## AIM OF THE EXERCISE
The answer must be every line from the entries below that contains "APlus".
== THE INPUT ==
lemma row_definable_binop:
  assumes s: "\<And>u. u \<notin> atvars s \<Longrightarrow>
      row_definable (insert u (atvars s)) (\<lambda>e. e u = row (aeval (row_values e) s))"
    and t: "\<And>v. v \<notin> atvars t \<Longrightarrow>
      row_definable (insert v (atvars t)) (\<lambda>e. e v = row (aeval (row_values e) t))"
    and rel: "\<And>u v z. row_definable {u, v, z} (\<lambda>e. Rel (e u) (e v) (e z))"
    and rel_iff: "\<And>a b c. is_partition c \<Longrightarrow> Rel (row a) (row b) c \<longleftrightarrow> c = row (f a b)"
  shows "row_definable (insert z (atvars s \<union> atvars t))
    (\<lambda>e. e z = row (f (aeval (row_values e) s) (aeval (row_values e) t)))"
proof -
  define u where "u = z + var_bound s + var_bound t + 1"
  define v where "v = Suc u"
  have fresh: "u \<notin> atvars s \<union> atvars t" "v \<notin> atvars s \<union> atvars t" "u \<noteq> v" "u \<noteq> z" "v \<noteq> z"
    using less_var_bound[of _ s] less_var_bound[of _ t] unfolding u_def v_def by fastforce+
  let ?S = "\<lambda>e. e u = row (aeval (row_values e) s) \<and> e v = row (aeval (row_values e) t) \<and> Rel (e u) (e v) (e z)"
  have "row_definable (insert u (atvars s) \<union> (insert v (atvars t) \<union> {u, v, z})) ?S"
    using fresh by (intro row_definable_conj s t rel) auto
  then have "row_definable (insert u (atvars s) \<union> (insert v (atvars t) \<union> {u, v, z}) - {v} - {u})
      (\<lambda>e. \<exists>n m. ?S (e(u := row n, v := row m)))"
    by (intro row_definable_Ex)
  then show ?thesis
  proof (rule row_definable_weaken)
    fix e
    assume "row_env e"
    then show "(\<exists>n m. ?S (e(u := row n, v := row m))) \<longleftrightarrow>
        e z = row (f (aeval (row_values e) s) (aeval (row_values e) t))"
      using fresh rel_iff[OF row_env_is_partition] by auto
  qed (use fresh in auto)
qed

lemma row_definable_term:
  "z \<notin> atvars t \<Longrightarrow> row_definable (insert z (atvars t)) (\<lambda>e. e z = row (aeval (row_values e) t))"
proof (induction t arbitrary: z)
  case (AVar x)
  show ?case
  proof (rule row_definableI[of "YEq (YVar z) (YVar x)"])
    fix e
    assume "row_env e"
    then obtain n where "e x = row n"
      by (auto simp: row_env_def)
    then show "sat_Y e (YEq (YVar z) (YVar x)) \<longleftrightarrow> e z = row (aeval (row_values e) (AVar x))"
      by (simp add: row_values_def)
  qed simp
next
  case (APlus s t)
  show ?case
    using row_definable_binop[OF APlus.IH row_definable_add_rel add_rel_iff] by simp
next
  case (ATimes s t)
  show ?case
    using row_definable_binop[OF ATimes.IH row_definable_mul_rel mul_rel_iff] by simp
qed

lemma row_definable_afm: "row_definable (afree \<phi>) (\<lambda>e. sat_N (row_values e) \<phi>)"
proof (induction \<phi>)
  case (AEq s t)
  let ?z = "var_bound s + var_bound t"
  have fresh: "?z \<notin> atvars s" "?z \<notin> atvars t"
    using less_var_bound[of ?z s] less_var_bound[of ?z t] by auto
  have "row_definable (insert ?z (atvars s) \<union> insert ?z (atvars t) - {?z})
      (\<lambda>e. \<exists>n. (e(?z := row n)) ?z = row (aeval (row_values (e(?z := row n))) s) \<and>
                (e(?z := row n)) ?z = row (aeval (row_values (e(?z := row n))) t))"
    by (intro row_definable_Ex row_definable_conj row_definable_term fresh)
  then show ?case
    by (rule row_definable_weaken) (use fresh in auto)
next
  case (AEx x \<phi>)
  show ?case
    using row_definable_Ex[OF AEx.IH, of x] unfolding row_values_upd sat_N.simps afree.simps .
next
  case (AAll x \<phi>)
  show ?case
    using row_definable_All[OF AAll.IH, of x] unfolding row_values_upd sat_N.simps afree.simps .
qed (use row_definable_neg row_definable_conj row_definable_disj row_definable_imp in fastforce)+

theorem lemma4p2:
  fixes k :: nat and \<phi> :: afm
  assumes "afree \<phi> \<subseteq> {..<k}"
  shows "\<exists>\<psi> :: yfm. yfree \<psi> \<subseteq> {..<k} \<and>
           (\<forall>ns :: nat list. length ns = k \<longrightarrow>
              (sat_N (\<lambda>i. ns ! i) \<phi> \<longleftrightarrow> sat_Y (\<lambda>i. single_part (ns ! i)) \<psi>))"
proof -
  obtain \<psi> where "yfree \<psi> \<subseteq> afree \<phi>"
    and \<psi>: "\<And>e. row_env e \<Longrightarrow> sat_Y e \<psi> \<longleftrightarrow> sat_N (row_values e) \<phi>"
    using row_definable_afm[of \<phi>] unfolding row_definable_def by blast
  moreover have "row_env (\<lambda>i. row (ns ! i))" for ns
    by (auto simp: row_env_def)
  ultimately show ?thesis
    using assms by (intro exI[of _ \<psi>]) (auto simp: row_values_rows)
qed

end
===
## ANSWER TO THE PROBLEM
  case (APlus s t)
    using row_definable_binop[OF APlus.IH row_definable_add_rel add_rel_iff] by simp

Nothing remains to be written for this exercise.